I had imagined that walking pigs would mostly involve standing around while their big snouts absorbed a symphony of smells, but Romeo was on a mission…to get fed. He trotted alongside me in such a businesslike manner that I could almost see him in a suit and tie. I’ve been walking the piglets for a few days now, and they seldom stop to sniff. With occasional rewards, they heel like well-trained dogs, perpetually hopeful for food. Care Bear is a bit more apprehensive than the others and is afraid of random objects such as pieces of plastic. All the piglets are wary of uneven terrain, and I realized that compared to tiny piglet hooves, cracks in the dirt are almost ravines! But overall, I was very impressed with their confidence, so when a young man recently asked to pet Romeo, I thought he might be ready to socialize outside the stall. I put some food on the ground near the man, and Romeo walked right up. But when the man tried to pet Romeo, he jumped back like he had been shot from a cannon and bounced around, squealing and trying to wriggle out of his harness. I dropped some food near him, and he settled down. We’ll work on socialization more gradually, but for pigs, food has superpowers.

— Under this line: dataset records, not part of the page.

(* Let $R$ be a ring and $S$ a (left and right) Ore set in $R$. Then: (1) $\mathcal J(R,S)\neq\emptyset$; (2) $\mathfrak p(S)$ is the least element (w.r.t. inclusion) of $\mathcal J(R,S)$; (3) if, in addition, $S$ is a left and right denominator set with $\mathrm{ass}(S)=\mathfrak a$, then $\mathfrak p(S)=\mathfrak a$.
   Context: Rings are associative with $1$. A multiplicatively closed subset $S$ ($1\in S$, $0\notin S$) is an Ore set if $Sr\cap Rs\ne\emptyset$ and $rS\cap sR\ne\emptyset$ for all $r\in R,s\in S$. It is a (left and right) denominator set if moreover $rs=0$ ($s\in S$) implies $tr=0$ for some $t\in S$, and $sr=0$ implies $rt=0$ for some $t\in S$; then $\mathrm{ass}(S):=\{r\mid sr=0 \text{ for some } s\in S\}$. For a ring $B$ and $T\subseteq B$, $\mathrm{ass}_l(T,B):=\{b\mid tb=0\text{ for some }t\in T\}$, $\mathrm{ass}_r(T,B):=\{b\mid bt=0\text{ for some }t\in T\}$. Define ideals $\mathfrak p_\alpha$ ($\alpha\ge1$ ordinals): $\mathfrak p_1:=\mathrm{ass}_l(S,R)+\mathrm{ass}_r(S,R)$; $\mathfrak p_{\alpha+1}:=\pi_\alpha^{-1}(\mathrm{ass}_l(\pi_\alpha(S),R/\mathfrak p_\alpha)+\mathrm{ass}_r(\pi_\alpha(S),R/\mathfrak p_\alpha))$ with $\pi_\alpha:R\to R/\mathfrak p_\alpha$ canonical; $\mathfrak p_\alpha:=\bigcup_{\beta<\alpha}\mathfrak p_\beta$ for limit $\alpha$; $\mathfrak p(S):=\bigcup_\alpha\mathfrak p_\alpha$. $\mathcal J(R,S)$ is the set of ideals $\mathfrak b$ of $R$ such that $\pi_{\mathfrak b}(S)$ is a (left and right) denominator set of $R/\mathfrak b$ with $\mathrm{ass}(\pi_{\mathfrak b}(S))=0$, $\pi_{\mathfrak b}:R\to R/\mathfrak b$ canonical. *)

theory Defs
  imports Main
begin

text \<open>The quotient ring R/b is represented via the
  congruence x \<equiv> y (mod b) iff x - y \<in> b; thus "pi_b(x) = pi_b(y)" is
  written "x - y \<in> b" and "pi_b(x) = 0" is written "x \<in> b".\<close>

definition two_sided_ideal :: "'a::ring_1 set \<Rightarrow> bool" where
  "two_sided_ideal I \<longleftrightarrow> 0 \<in> I \<and> (\<forall>x\<in>I. \<forall>y\<in>I. x + y \<in> I) \<and> (\<forall>x\<in>I. - x \<in> I)
     \<and> (\<forall>x\<in>I. \<forall>r. r * x \<in> I \<and> x * r \<in> I)"

definition mult_closed :: "'a::ring_1 set \<Rightarrow> bool" where
  "mult_closed S \<longleftrightarrow> 1 \<in> S \<and> 0 \<notin> S \<and> (\<forall>s\<in>S. \<forall>t\<in>S. s * t \<in> S)"

definition ore_set :: "'a::ring_1 set \<Rightarrow> bool" where
  "ore_set S \<longleftrightarrow> mult_closed S \<and>
     (\<forall>r. \<forall>s\<in>S. (\<exists>s'\<in>S. \<exists>r'. s' * r = r' * s) \<and> (\<exists>s'\<in>S. \<exists>r'. r * s' = s * r'))"

definition denominator_set :: "'a::ring_1 set \<Rightarrow> bool" where
  "denominator_set S \<longleftrightarrow> ore_set S \<and>
     (\<forall>r. \<forall>s\<in>S. r * s = 0 \<longrightarrow> (\<exists>t\<in>S. t * r = 0)) \<and>
     (\<forall>r. \<forall>s\<in>S. s * r = 0 \<longrightarrow> (\<exists>t\<in>S. r * t = 0))"

definition ass :: "'a::ring_1 set \<Rightarrow> 'a set" where
  "ass S = {r. \<exists>s\<in>S. s * r = 0}"

definition ore_set_mod :: "'a::ring_1 set \<Rightarrow> 'a set \<Rightarrow> bool" where
  "ore_set_mod b S \<longleftrightarrow>
     \<comment> \<open>1 \<in> pi_b(S) and multiplicative closedness are inherited from S; 0 \<notin> pi_b(S):\<close>
     1 \<in> S \<and> (\<forall>s\<in>S. \<forall>t\<in>S. s * t \<in> S) \<and> (\<forall>s\<in>S. s \<notin> b) \<and>
     (\<forall>r. \<forall>s\<in>S. (\<exists>s'\<in>S. \<exists>r'. s' * r - r' * s \<in> b) \<and> (\<exists>s'\<in>S. \<exists>r'. r * s' - s * r' \<in> b))"
(* Let $S_1,S_2,\ldots,S_k$ be numerical semigroups and let $S = \bigcap_{i=1}^k S_i$. Suppose that $d_i \in S_i \setminus \{0\}$ for $i=1,2,\ldots,k$. Then there exists an $A\in \mathsf{M}_{d_1+d_2+\cdots + d_k}(\mathbb{Q})$ such that $\mathcal{S}(A) = S$. In particular, $\dim_{\mathrm{mat}} S \leq d_1 + d_2 + \cdots + d_k$.
   Context: $\mathbb{N} = \{0,1,2,\ldots\}$. A semigroup means an additive subsemigroup of $\mathbb{N}$ containing $0$; a numerical semigroup is a semigroup with finite complement in $\mathbb{N}$. $\mathsf{M}_d(X)$ denotes the $d\times d$ matrices with entries in $X$. For $A \in \mathsf{M}_d(\mathbb{Q})$, $\mathcal{S}(A) = \{ n \in \mathbb{N} : A^n \in \mathsf{M}_d(\mathbb{Z})\}$. The matricial dimension $\dim_{\mathrm{mat}} S$ of a semigroup $S$ is the smallest $d$ such that $S = \mathcal{S}(A)$ for some $A \in \mathsf{M}_d(\mathbb{Q})$. *)

theory Defs
  imports "Jordan_Normal_Form.Matrix"
begin

definition numerical_semigroup :: "nat set \<Rightarrow> bool" where
  "numerical_semigroup S \<longleftrightarrow>
     0 \<in> S \<and> (\<forall>a\<in>S. \<forall>b\<in>S. a + b \<in> S) \<and> finite (UNIV - S)"

definition int_entries :: "rat mat \<Rightarrow> bool" where
  "int_entries A \<longleftrightarrow> (\<forall>i<dim_row A. \<forall>j<dim_col A. A $$ (i, j) \<in> \<int>)"

definition power_semigroup :: "rat mat \<Rightarrow> nat set" where
  "power_semigroup A = {n. int_entries (A ^\<^sub>m n)}"

definition dim_mat :: "nat set \<Rightarrow> nat" where
  "dim_mat S = (LEAST d. \<exists>A \<in> carrier_mat d d. power_semigroup A = S)"

end

theory Submission
  imports Defs
begin

text \<open>
  For block-diagonal matrices \<open>S(A \<oplus> B) = S(A) \<inter> S(B)\<close>, so it suffices to realise one
  numerical semigroup \<open>S\<close> in dimension \<open>d \<in> S\<close>, \<open>d > 0\<close>. Let \<open>w_r\<close> be the least element of \<open>S\<close>
  congruent to \<open>r\<close> modulo \<open>d\<close> (the Apery set of \<open>S\<close> with respect to \<open>d\<close>) and let \<open>A\<close> be the
  cyclic shift of \<open>\<int>/d\<close> whose entry in row \<open>j\<close> is \<open>2^(1 + w_j - w_(j+1))\<close>. The exponents
  telescope: row \<open>j\<close> of \<open>A^n\<close> has the single nonzero entry \<open>2^(n + w_j - w_(j+n))\<close>. For \<open>j = 0\<close>
  integrality means \<open>w_(n mod d) \<le> n\<close>, i.e. \<open>n \<in> S\<close>; conversely \<open>n \<in> S\<close> gives \<open>n + w_j \<in> S\<close>,
  whence \<open>w_(j+n) \<le> n + w_j\<close> for every \<open>j\<close>.
\<close>

lemma two_power_int_Ints_iff: "(2::rat) powi m \<in> \<int> \<longleftrightarrow> 0 \<le> m"
proof
  assume integral: "(2::rat) powi m \<in> \<int>"
  show "0 \<le> m"
  proof (rule ccontr)
    assume "\<not> 0 \<le> m"
    define k where "k = nat (- m)"
    have "m = - int k" and "0 < k"
      using \<open>\<not> 0 \<le> m\<close> by (auto simp: k_def)
    then have "(2::rat) powi m = inverse (2 ^ k)" and "(1::rat) < 2 ^ k"
      by (auto simp: power_int_minus)
    then have "0 < (2::rat) powi m" and "(2::rat) powi m < 1"
      by (auto simp: inverse_less_1_iff)
    with integral show False using Ints_nonzero_abs_less1 by fastforce
  qed
next
  assume "0 \<le> m"
  then show "(2::rat) powi m \<in> \<int>"
    by (metis Ints_numeral Ints_power nat_0_le power_int_of_nat)
qed

definition monomial_mat :: "nat \<Rightarrow> (nat \<Rightarrow> nat) \<Rightarrow> (nat \<Rightarrow> 'a::zero) \<Rightarrow> 'a mat" where
  "monomial_mat n \<sigma> c = mat n n (\<lambda>(i, j). if j = \<sigma> i then c i else 0)"

lemma monomial_mat_carrier [simp]: "monomial_mat n \<sigma> c \<in> carrier_mat n n"
  by (simp add: monomial_mat_def)

lemma mult_monomial_mat:
  fixes a c :: "nat \<Rightarrow> 'a::semiring_0"
  assumes \<sigma>: "\<sigma> ` {..<n} \<subseteq> {..<n}"
  shows "monomial_mat n \<sigma> a * monomial_mat n \<tau> c = monomial_mat n (\<tau> \<circ> \<sigma>) (\<lambda>i. a i * c (\<sigma> i))"
proof (rule eq_matI)
  fix i j assume "i < dim_row (monomial_mat n (\<tau> \<circ> \<sigma>) (\<lambda>i. a i * c (\<sigma> i)))"
    and "j < dim_col (monomial_mat n (\<tau> \<circ> \<sigma>) (\<lambda>i. a i * c (\<sigma> i)))"
  then have i: "i < n" and j: "j < n" by (simp_all add: monomial_mat_def)
  then have \<sigma>i: "\<sigma> i < n" using \<sigma> by auto
  have "(monomial_mat n \<sigma> a * monomial_mat n \<tau> c) $$ (i, j)
      = (\<Sum>l<n. (if l = \<sigma> i then a i else 0) * monomial_mat n \<tau> c $$ (l, j))"
    using i j by (auto simp: monomial_mat_def scalar_prod_def lessThan_atLeast0 intro!: sum.cong)
  also have "\<dots> = a i * monomial_mat n \<tau> c $$ (\<sigma> i, j)"
    using \<sigma>i by (simp add: if_distrib[of "\<lambda>x. x * _"] cong del: if_weak_cong)
  also have "\<dots> = monomial_mat n (\<tau> \<circ> \<sigma>) (\<lambda>i. a i * c (\<sigma> i)) $$ (i, j)"
    using \<sigma> i j by (auto simp: monomial_mat_def)
  finally show "(monomial_mat n \<sigma> a * monomial_mat n \<tau> c) $$ (i, j) = \<dots>" .
qed (auto simp: monomial_mat_def)

lemma funpow_image_subset: "f ` A \<subseteq> A \<Longrightarrow> (f ^^ n) ` A \<subseteq> A"
  by (induction n) auto

lemma pow_monomial_mat:
  fixes c :: "nat \<Rightarrow> 'a::comm_semiring_1"
  assumes \<sigma>: "\<sigma> ` {..<n} \<subseteq> {..<n}"
  shows "monomial_mat n \<sigma> c ^\<^sub>m k = monomial_mat n (\<sigma> ^^ k) (\<lambda>i. \<Prod>t<k. c ((\<sigma> ^^ t) i))"
proof (induction k)
  case 0
  show ?case by (rule eq_matI) (auto simp: monomial_mat_def)
next
  case (Suc k)
  have "monomial_mat n \<sigma> c ^\<^sub>m Suc k
      = monomial_mat n (\<sigma> ^^ k) (\<lambda>i. \<Prod>t<k. c ((\<sigma> ^^ t) i)) * monomial_mat n \<sigma> c"
    using Suc by simp
  also have "\<dots> = monomial_mat n (\<sigma> \<circ> \<sigma> ^^ k) (\<lambda>i. (\<Prod>t<k. c ((\<sigma> ^^ t) i)) * c ((\<sigma> ^^ k) i))"
    by (rule mult_monomial_mat[OF funpow_image_subset[OF \<sigma>]])
  also have "\<dots> = monomial_mat n (\<sigma> ^^ Suc k) (\<lambda>i. \<Prod>t<Suc k. c ((\<sigma> ^^ t) i))"
    by simp
  finally show ?case .
qed

lemma int_entries_monomial_mat:
  assumes "\<sigma> ` {..<n} \<subseteq> {..<n}"
  shows "int_entries (monomial_mat n \<sigma> c) \<longleftrightarrow> (\<forall>i<n. c i \<in> \<int>)"
  using assms by (fastforce simp: int_entries_def monomial_mat_def)

lemma power_semigroup_monomial_mat:
  assumes \<sigma>: "\<sigma> ` {..<n} \<subseteq> {..<n}"
  shows "power_semigroup (monomial_mat n \<sigma> (\<lambda>i. (2::rat) powi e i))
    = {k. \<forall>i<n. 0 \<le> (\<Sum>t<k. e ((\<sigma> ^^ t) i))}"
proof -
  have "(\<Prod>t<k. (2::rat) powi e ((\<sigma> ^^ t) i)) = 2 powi (\<Sum>t<k. e ((\<sigma> ^^ t) i))" for k i
    by (induction k) (simp_all add: power_int_add)
  then show ?thesis
    unfolding power_semigroup_def pow_monomial_mat[OF \<sigma>]
      int_entries_monomial_mat[OF funpow_image_subset[OF \<sigma>]]
    by (simp add: two_power_int_Ints_iff)
qed

lemma int_entries_four_block_mat:
  assumes A: "A \<in> carrier_mat nr1 nc1" and D: "D \<in> carrier_mat nr2 nc2"
  shows "int_entries (four_block_mat A (0\<^sub>m nr1 nc2) (0\<^sub>m nr2 nc1) D)
    \<longleftrightarrow> int_entries A \<and> int_entries D"
  (is "int_entries ?M \<longleftrightarrow> _")
proof
  assume block: "int_entries ?M"
  have entry: "?M $$ (i, j) \<in> \<int>" if "i < nr1 + nr2" "j < nc1 + nc2" for i j
    using block that A D by (simp add: int_entries_def)
  have "A $$ (i, j) \<in> \<int>" if "i < nr1" "j < nc1" for i j
    using entry[of i j] that A D by simp
  moreover have "D $$ (i, j) \<in> \<int>" if "i < nr2" "j < nc2" for i j
    using entry[of "nr1 + i" "nc1 + j"] that A D by simp
  ultimately show "int_entries A \<and> int_entries D"
    using A D by (simp add: int_entries_def)
next
  assume "int_entries A \<and> int_entries D"
  then show "int_entries ?M"
    using A D by (auto simp: int_entries_def)
qed

lemma power_semigroup_four_block_mat:
  assumes A: "A \<in> carrier_mat n n" and B: "B \<in> carrier_mat m m"
  shows "power_semigroup (four_block_mat A (0\<^sub>m n m) (0\<^sub>m m n) B)
    = power_semigroup A \<inter> power_semigroup B"
  using A B by (auto simp: power_semigroup_def pow_four_block_mat int_entries_four_block_mat)

lemma power_semigroup_zero_dim: "power_semigroup (0\<^sub>m 0 0) = UNIV"
  by (simp add: power_semigroup_def int_entries_def)

lemma power_semigroup_Inter_block_diag:
  fixes k :: nat and d :: "nat \<Rightarrow> nat" and S :: "nat \<Rightarrow> nat set"
  assumes "\<And>i. i \<in> {1..k} \<Longrightarrow> \<exists>A \<in> carrier_mat (d i) (d i). power_semigroup A = S i"
  shows "\<exists>A \<in> carrier_mat (\<Sum>i=1..k. d i) (\<Sum>i=1..k. d i). power_semigroup A = (\<Inter>i\<in>{1..k}. S i)"
  using assms
proof (induction k)
  case 0
  show ?case using power_semigroup_zero_dim by auto
next
  case (Suc k)
  obtain A where A: "A \<in> carrier_mat (\<Sum>i=1..k. d i) (\<Sum>i=1..k. d i)"
    and SA: "power_semigroup A = (\<Inter>i\<in>{1..k}. S i)"
    using Suc by auto
  obtain B where B: "B \<in> carrier_mat (d (Suc k)) (d (Suc k))" and SB: "power_semigroup B = S (Suc k)"
    using Suc.prems by auto
  let ?M = "four_block_mat A (0\<^sub>m (\<Sum>i=1..k. d i) (d (Suc k))) (0\<^sub>m (d (Suc k)) (\<Sum>i=1..k. d i)) B"
  have "power_semigroup ?M = (\<Inter>i\<in>{1..k}. S i) \<inter> S (Suc k)"
    using power_semigroup_four_block_mat[OF A B] unfolding SA SB .
  also have "\<dots> = (\<Inter>i\<in>{1..Suc k}. S i)"
    by (auto simp: atLeastAtMostSuc_conv)
  finally have "power_semigroup ?M = (\<Inter>i\<in>{1..Suc k}. S i)" .
  moreover have "?M \<in> carrier_mat (\<Sum>i=1..Suc k. d i) (\<Sum>i=1..Suc k. d i)"
    using A B by simp
  ultimately show ?case by (rule bexI[of _ ?M])
qed

definition apery :: "nat set \<Rightarrow> nat \<Rightarrow> nat \<Rightarrow> nat" where
  "apery S d r = (LEAST m. m \<in> S \<and> m mod d = r)"

lemma apery_le: "m \<in> S \<Longrightarrow> apery S d (m mod d) \<le> m"
  unfolding apery_def by (rule Least_le) simp

lemma numerical_semigroup_apery:
  assumes S: "numerical_semigroup S" and "0 < d" and "r < d"
  shows "apery S d r \<in> S" and "apery S d r mod d = r"
proof -
  obtain N where N: "\<And>m. m \<notin> S \<Longrightarrow> m < N"
    using S unfolding numerical_semigroup_def
    by (metis Diff_iff UNIV_I finite_nat_set_iff_bounded)
  have "N \<le> r + N * d" using \<open>0 < d\<close> by (simp add: trans_le_add2)
  then have "r + N * d \<in> S" using N by (meson not_le)
  moreover have "(r + N * d) mod d = r" using \<open>r < d\<close> by simp
  ultimately have "\<exists>m. m \<in> S \<and> m mod d = r" by blast
  from LeastI_ex[OF this] show "apery S d r \<in> S" and "apery S d r mod d = r"
    unfolding apery_def by auto
qed

lemma numerical_semigroup_mem_iff_apery_le:
  assumes S: "numerical_semigroup S" and "d \<in> S" and "0 < d"
  shows "n \<in> S \<longleftrightarrow> apery S d (n mod d) \<le> n"
proof
  show "apery S d (n mod d) \<le> n" if "n \<in> S"
    using that by (rule apery_le)
next
  let ?a = "apery S d (n mod d)"
  assume "?a \<le> n"
  moreover have "?a mod d = n mod d"
    using numerical_semigroup_apery[OF S \<open>0 < d\<close>] \<open>0 < d\<close> by simp
  ultimately have "d dvd n - ?a"
    using mod_eq_dvd_iff_nat[of ?a n d] by simp
  then obtain q where "n - ?a = d * q" ..
  with \<open>?a \<le> n\<close> have n: "n = ?a + q * d" by (simp add: mult.commute)
  have add: "a \<in> S \<Longrightarrow> b \<in> S \<Longrightarrow> a + b \<in> S" for a b
    using S by (simp add: numerical_semigroup_def)
  have "q * d \<in> S" for q
    by (induction q) (use S \<open>d \<in> S\<close> add in \<open>auto simp: numerical_semigroup_def\<close>)
  moreover have "?a \<in> S"
    using numerical_semigroup_apery(1)[OF S \<open>0 < d\<close>] \<open>0 < d\<close> by simp
  ultimately have "?a + q * d \<in> S"
    using add by blast
  with n show "n \<in> S" by simp
qed

definition apery_mat :: "nat set \<Rightarrow> nat \<Rightarrow> rat mat" where
  "apery_mat S d = monomial_mat d (\<lambda>j. Suc j mod d)
     (\<lambda>j. 2 powi (1 + int (apery S d j) - int (apery S d (Suc j mod d))))"

lemma apery_mat_carrier [simp]: "apery_mat S d \<in> carrier_mat d d"
  by (simp add: apery_mat_def)

lemma power_semigroup_apery_mat:
  assumes S: "numerical_semigroup S" and "d \<in> S" and "0 < d"
  shows "power_semigroup (apery_mat S d) = S"
proof -
  let ?w = "apery S d" and ?\<sigma> = "\<lambda>j. Suc j mod d"
  let ?e = "\<lambda>j. 1 + int (?w j) - int (?w (Suc j mod d))"
  have \<sigma>: "?\<sigma> ` {..<d} \<subseteq> {..<d}"
    using \<open>0 < d\<close> by auto
  have orbit: "(?\<sigma> ^^ t) j = (j + t) mod d" if "j < d" for j t
    using that by (induction t) (auto simp: mod_Suc_eq)
  have telescope: "(\<Sum>t<n. ?e ((?\<sigma> ^^ t) j)) = int n + int (?w j) - int (?w ((j + n) mod d))"
    if "j < d" for j n
    using that by (induction n) (auto simp: orbit mod_Suc_eq)
  have "(\<forall>j<d. 0 \<le> (\<Sum>t<n. ?e ((?\<sigma> ^^ t) j))) \<longleftrightarrow> n \<in> S" for n
  proof
    assume "\<forall>j<d. 0 \<le> (\<Sum>t<n. ?e ((?\<sigma> ^^ t) j))"
    moreover have "?w 0 = 0"
      using apery_le[of 0 S d] S by (simp add: numerical_semigroup_def)
    ultimately have "?w (n mod d) \<le> n"
      using telescope[of 0 n] \<open>0 < d\<close> by auto
    then show "n \<in> S"
      using numerical_semigroup_mem_iff_apery_le[OF assms] by blast
  next
    assume "n \<in> S"
    show "\<forall>j<d. 0 \<le> (\<Sum>t<n. ?e ((?\<sigma> ^^ t) j))"
    proof (intro allI impI)
      fix j assume "j < d"
      have "n + ?w j \<in> S"
        using \<open>n \<in> S\<close> numerical_semigroup_apery(1)[OF S \<open>0 < d\<close> \<open>j < d\<close>] S
        by (simp add: numerical_semigroup_def)
      moreover have "(n + ?w j) mod d = (j + n) mod d"
        using numerical_semigroup_apery(2)[OF S \<open>0 < d\<close> \<open>j < d\<close>]
        by (metis add.commute mod_add_right_eq)
      ultimately have "?w ((j + n) mod d) \<le> n + ?w j"
        using apery_le[of "n + ?w j" S d] by simp
      then show "0 \<le> (\<Sum>t<n. ?e ((?\<sigma> ^^ t) j))"
        using telescope[OF \<open>j < d\<close>] by simp
    qed
  qed
  then show ?thesis
    unfolding apery_mat_def power_semigroup_monomial_mat[OF \<sigma>] by blast
qed

theorem theorem2p5:
  fixes k :: nat and S :: "nat \<Rightarrow> nat set" and d :: "nat \<Rightarrow> nat"
  assumes "\<And>i. i \<in> {1..k} \<Longrightarrow> numerical_semigroup (S i)"
    and "\<And>i. i \<in> {1..k} \<Longrightarrow> d i \<in> S i - {0}"
  shows "(\<exists>A \<in> carrier_mat (\<Sum>i=1..k. d i) (\<Sum>i=1..k. d i).
           power_semigroup A = (\<Inter>i\<in>{1..k}. S i))
         \<and> dim_mat (\<Inter>i\<in>{1..k}. S i) \<le> (\<Sum>i=1..k. d i)"
proof -
  have "\<exists>A \<in> carrier_mat (\<Sum>i=1..k. d i) (\<Sum>i=1..k. d i). power_semigroup A = (\<Inter>i\<in>{1..k}. S i)"
  proof (rule power_semigroup_Inter_block_diag)
    fix i assume "i \<in> {1..k}"
    then have "power_semigroup (apery_mat (S i) (d i)) = S i"
      using assms by (intro power_semigroup_apery_mat) auto
    then show "\<exists>A \<in> carrier_mat (d i) (d i). power_semigroup A = S i"
      using apery_mat_carrier by blast
  qed
  moreover from this have "dim_mat (\<Inter>i\<in>{1..k}. S i) \<le> (\<Sum>i=1..k. d i)"
    unfolding dim_mat_def by (rule Least_le)
  ultimately show ?thesis ..
qed

end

When we first started walking the piglets, I thought they might have only cared about the food, but apparently, they liked the taste of freedom too and decided to take matters into their own hooves. On a recent morning, I opened the stall door and discovered that the piglets had broken two of the bars on the heavy-duty x-pen that we had used to create a double door. When we started taking the piglets on walks, we had brought them through the space between the x-pen and the stall door for the first time, which must have given them their bright idea. Now they had created their own little pig door into their tiny foyer, and I had to be careful not to let sneak past me when I entered the stall. The piglets’ remodeling project nearly resulted in a disaster because there used to be a gap under the wall between their stall and the neighboring one. Fortunately, I had just covered the gap with a board a couple days earlier. If I hadn’t, the piglets would have visited their neighbor the horse and then slipped out of his stall. After puzzling over how to deal with the busted x-pen, I lined it with cinder blocks and used them to prop boards against it. It might work for a while, but I’m afraid that trying to outsmart pigs is a losing battle.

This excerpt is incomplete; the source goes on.